1) Average tag counts

Call the variables tag count within anchor 1 and tag count within anchor 2 as tagcou1 and tagcou2 respectively, and compute the average of it and call the variable name “tagcouAvg”.

2) Self-ligation PETS

Using the out.spet file in the ChIA-PET Tool V3 output, we can compute the self-ligation PETs of anchors using the commands as follows:

  1.   awk '{if($2<$5){print $1"\t"$2"\t"$5}else{print $1"\t"$5"\t"$2}}' out.spet > out.spet.bed3
  2.   bedtools coverage -a Anchor1.bed -b out.spet.bed3| cut -f4 > self1.bed
  3.   bedtools coverage -a Anchor2.bed -b out.spet.bed3| cut -f4 > self2.bed
  4.   then compute the average of it and call the variable name “selfAvg”

3) Mappability

Download the mappability score for human genome version hg19 using http://genome-asia.ucsc.edu/cgi-bin/hgFileUi?db=hg19&g=wgEncodeMapability. The file is in bigWig format, and we need to convert it to .bed format using bigWigToWig and BEDOPS wig2bed. Then, find the overlap region between .bed file and Anchor regions using Bedtools map.

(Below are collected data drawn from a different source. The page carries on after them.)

(* Let $k$ be an algebraically closed field of characteristic zero, $n\ge1$, $q\in k$ a primitive $2n$-th root of unity, $a\in k$, and let $H_{4n}$ be the Hopf algebra generated by $z,x$ with relations $z^{2n}=1$, $zx=qxz$, $x^2=0$ and $\Delta(z)=z\otimes z+a(1-q^{-2})z^{n+1}x\otimes zx$, $\Delta(x)=x\otimes 1+z^n\otimes x$, $\epsilon(z)=1$, $\epsilon(x)=0$, $S(z)=z^{-1}$, $S(x)=-z^nx$. For integers $j$ let $E_j=\frac{1}{2n}\sum_{i=0}^{2n-1}q^{-ij}z^i$. Then $H_{4n}$ is a quasi-triangular Hopf algebra with universal $R$-matrix $$R=\sum_{i,j=0}^{2n-1}(-1)^{ij}E_i\otimes E_j+2a\sum_{i,j=0}^{2n-1}(-1)^{i(j+1)}E_ix\otimes E_jx.$$
   Context: A pair $(H,R)$ with $H$ a finite-dimensional Hopf algebra and $R\in H\otimes H$ invertible is quasi-triangular (with universal $R$-matrix $R$) if $\Delta^{op}(h)=R\Delta(h)R^{-1}$ for all $h\in H$, $(\Delta\otimes \mathrm{id})(R)=R_{13}R_{23}$ and $(\mathrm{id}\otimes\Delta)(R)=R_{13}R_{12}$, where $\Delta^{op}=\tau\circ\Delta$ with $\tau$ the flip, $R_{12}=R\otimes 1$, $R_{23}=1\otimes R$, $R_{13}=(\tau\otimes\mathrm{id})(R_{23})$. *)

theory Defs
  imports "HOL-Computational_Algebra.Polynomial"
begin

text \<open>
  By the relations z^{2n}=1, zx=qxz, x^2=0 the algebra has
  the basis z^i x^e (0 <= i < 2n, e in {0,1}), with multiplication
  z^i x^e * z^j x^f = q^{-ej} z^{i+j} x^{e+f}  (zero if e+f = 2).
  A basis element of H^{\<otimes>m} is a word of length m of index pairs (i,e);
  an element of H^{\<otimes>m} is a coefficient function on words, supported on valid words.
\<close>

type_synonym 'k tens = "(nat \<times> nat) list \<Rightarrow> 'k"

definition Wd :: "nat \<Rightarrow> nat \<Rightarrow> (nat \<times> nat) list set" where
  "Wd n m = {w. length w = m \<and> (\<forall>p\<in>set w. fst p < 2*n \<and> snd p < 2)}"

definition supported :: "nat \<Rightarrow> nat \<Rightarrow> 'k::zero tens \<Rightarrow> bool" where
  "supported n m f \<longleftrightarrow> (\<forall>w. w \<notin> Wd n m \<longrightarrow> f w = 0)"

definition bcoef :: "'k::field \<Rightarrow> nat \<times> nat \<Rightarrow> nat \<times> nat \<Rightarrow> 'k" where
  "bcoef q u v = (if snd u + snd v < 2 then inverse q ^ (snd u * fst v) else 0)"

definition bidx :: "nat \<Rightarrow> nat \<times> nat \<Rightarrow> nat \<times> nat \<Rightarrow> nat \<times> nat" where
  "bidx n u v = ((fst u + fst v) mod (2*n), snd u + snd v)"

definition wcoef :: "'k::field \<Rightarrow> (nat \<times> nat) list \<Rightarrow> (nat \<times> nat) list \<Rightarrow> 'k" where
  "wcoef q u v = (\<Prod>k<length u. bcoef q (u!k) (v!k))"

definition widx :: "nat \<Rightarrow> (nat \<times> nat) list \<Rightarrow> (nat \<times> nat) list \<Rightarrow> (nat \<times> nat) list" where
  "widx n u v = map2 (bidx n) u v"

definition tmul :: "nat \<Rightarrow> 'k::field \<Rightarrow> nat \<Rightarrow> 'k tens \<Rightarrow> 'k tens \<Rightarrow> 'k tens" where
  "tmul n q m f g = (\<lambda>w. \<Sum>u\<in>Wd n m. \<Sum>v\<in>Wd n m.
       if widx n u v = w then f u * g v * wcoef q u v else 0)"

definition basis_el :: "(nat \<times> nat) list \<Rightarrow> 'k::{zero,one} tens" where
  "basis_el u = (\<lambda>w. if w = u then 1 else 0)"

definition tone :: "nat \<Rightarrow> 'k::{zero,one} tens" where
  "tone m = basis_el (replicate m (0,0))"

definition tzero :: "'k::zero tens" where
  "tzero = (\<lambda>w. 0)"

definition tadd :: "'k::plus tens \<Rightarrow> 'k tens \<Rightarrow> 'k tens" where
  "tadd f g = (\<lambda>w. f w + g w)"

definition tscale :: "'k::times \<Rightarrow> 'k tens \<Rightarrow> 'k tens" where
  "tscale c f = (\<lambda>w. c * f w)"

definition tsum :: "('a \<Rightarrow> 'k::comm_monoid_add tens) \<Rightarrow> 'a set \<Rightarrow> 'k tens" where
  "tsum F A = (\<lambda>w. \<Sum>a\<in>A. F a w)"

fun tpow :: "nat \<Rightarrow> 'k::field \<Rightarrow> nat \<Rightarrow> 'k tens \<Rightarrow> nat \<Rightarrow> 'k tens" where
  "tpow n q m f 0 = tone m"
| "tpow n q m f (Suc k) = tmul n q m (tpow n q m f k) f"

definition ttensor :: "nat \<Rightarrow> nat \<Rightarrow> 'k::{times,zero} tens \<Rightarrow> 'k tens \<Rightarrow> 'k tens" where
  "ttensor m1 m2 f g = (\<lambda>w. if length w = m1 + m2 then f (take m1 w) * g (drop m1 w) else 0)"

  1.   bedtools map -a Anchor1.bed -b mappability.bed -c 5 -o mean| cut -f4 > mappability1.bed
  2.   bedtools map -a Anchor2.bed -b mappability.bed -c 5 -o mean| cut -f4 > mappability2.bed
  3.   Compute the average of mappability1.bed and mappability2.bed, and call the variable name “mappaAvg”
  4.   If you don’t find the mappability in the above link, you can prepare by yourself using ngs-tools.
  • Example for rice RS1 reference genome we can find like
    • sh mappability.sh -i mhRS63.fa -l 35 -p mappability > mappability.bed

4) GC content

The GC content of anchors are computed using bedtools nuc

  1.   bedtools nuc -fi hg19.fa -bed Anchor1.bed| cut -f5 > gc1.bed
  2.   bedtools nuc -fi hg19.fa -bed Anchor2.bed| cut -f5 > gc2.bed
  3.   Compute the average of gc1.bed and gc2.bed and call variable name “gcAv”

Input files

We need to organize the input file for inter- and intra-chromosomal interaction data separately. As an example, the input file of intra-chromosomal interactions should have such kind of variables arrangement.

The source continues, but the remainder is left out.